What is expected
Print each line exactly, beginning with the one where "Context: General setting." appears and ending at the last line below.
─── Extracted information ───
(* In the general setting of the context, for every $h\in\{0,1,\dots,L-1\}$, $$\mathbb{P}(P_h<P^* )\le\exp\Big(-\frac{\epsilon^2}{4\gamma}\Big)+m\exp\Big(-\frac{\epsilon^2}{6\gamma}\Big).$$
   Context: General setting. Let $m,k,n$ be positive integers and $b\in\mathbb{R}^m_{++}$. Let $\mathcal G$ be the set of proper, concave, upper semicontinuous functions $f:\mathbb{R}^k\to[-\infty,\infty)$ with bounded superlevel sets such that $\mathrm{dom} f\subset\mathbb{R}^k_+$ and $f(0)=0$. Let $f_1,\dots,f_n\in\mathcal G$ and $A_1,\dots,A_n\in\mathbb{R}_+^{m\times k}$. Let $P^*=\sup\{\sum_{t=1}^n f_t(x_t): x_t\in\mathbb{R}^k,\ \sum_{t=1}^n A_tx_t\le b\}$ and assume $P^*>0$. Let $\gamma>0$ satisfy, for every $t\in[n]$: $(A_tx)_i/b_i\le\gamma$ for all $i\in[m]$ and all $x$ with $f_t(x)\ge0$, and $f_t(x)\le\gamma P^*$ for all $x\in\mathrm{dom} f_t$. Let $\epsilon\in(0,1)$ be such that $L=\log_2(1/\epsilon)$ and $n\epsilon$ are integers. Let $\sigma$ be a uniformly random permutation of $[n]$; probabilities are over $\sigma$. For $h\in\{0,\dots,L-1\}$ let $\theta_h=2^{-(h+1)/2}\epsilon^{1/2}$ and $$P_h=\sup\Big\{\tfrac{1}{2^h\epsilon(1-\theta_h)}\sum_{t=1}^{2^hn\epsilon}f_{\sigma(t)}(x_t)\ :\ x_t\in\mathbb{R}^k,\ \tfrac{1}{2^h\epsilon(1+\theta_h)}\sum_{t=1}^{2^hn\epsilon}A_{\sigma(t)}x_t\le b\Big\}.$$ *)

theory Defs
  imports "HOL-Analysis.Analysis" "HOL-Probability.Probability"
begin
───
Answer to the problem
   Context: General setting. Let $m,k,n$ be positive integers and $b\in\mathbb{R}^m_{++}$. Let $\mathcal G$ be the set of proper, concave, upper semicontinuous functions $f:\mathbb{R}^k\to[-\infty,\infty)$ with bounded superlevel sets such that $\mathrm{dom} f\subset\mathbb{R}^k_+$ and $f(0)=0$. Let $f_1,\dots,f_n\in\mathcal G$ and $A_1,\dots,A_n\in\mathbb{R}_+^{m\times k}$. Let $P^*=\sup\{\sum_{t=1}^n f_t(x_t): x_t\in\mathbb{R}^k,\ \sum_{t=1}^n A_tx_t\le b\}$ and assume $P^*>0$. Let $\gamma>0$ satisfy, for every $t\in[n]$: $(A_tx)_i/b_i\le\gamma$ for all $i\in[m]$ and all $x$ with $f_t(x)\ge0$, and $f_t(x)\le\gamma P^*$ for all $x\in\mathrm{dom} f_t$. Let $\epsilon\in(0,1)$ be such that $L=\log_2(1/\epsilon)$ and $n\epsilon$ are integers. Let $\sigma$ be a uniformly random permutation of $[n]$; probabilities are over $\sigma$. For $h\in\{0,\dots,L-1\}$ let $\theta_h=2^{-(h+1)/2}\epsilon^{1/2}$ and $$P_h=\sup\Big\{\tfrac{1}{2^h\epsilon(1-\theta_h)}\sum_{t=1}^{2^hn\epsilon}f_{\sigma(t)}(x_t)\ :\ x_t\in\mathbb{R}^k,\ \tfrac{1}{2^h\epsilon(1+\theta_h)}\sum_{t=1}^{2^hn\epsilon}A_{\sigma(t)}x_t\le b\Big\}.$$ *)

theory Defs
  imports "HOL-Analysis.Analysis" "HOL-Probability.Probability"
begin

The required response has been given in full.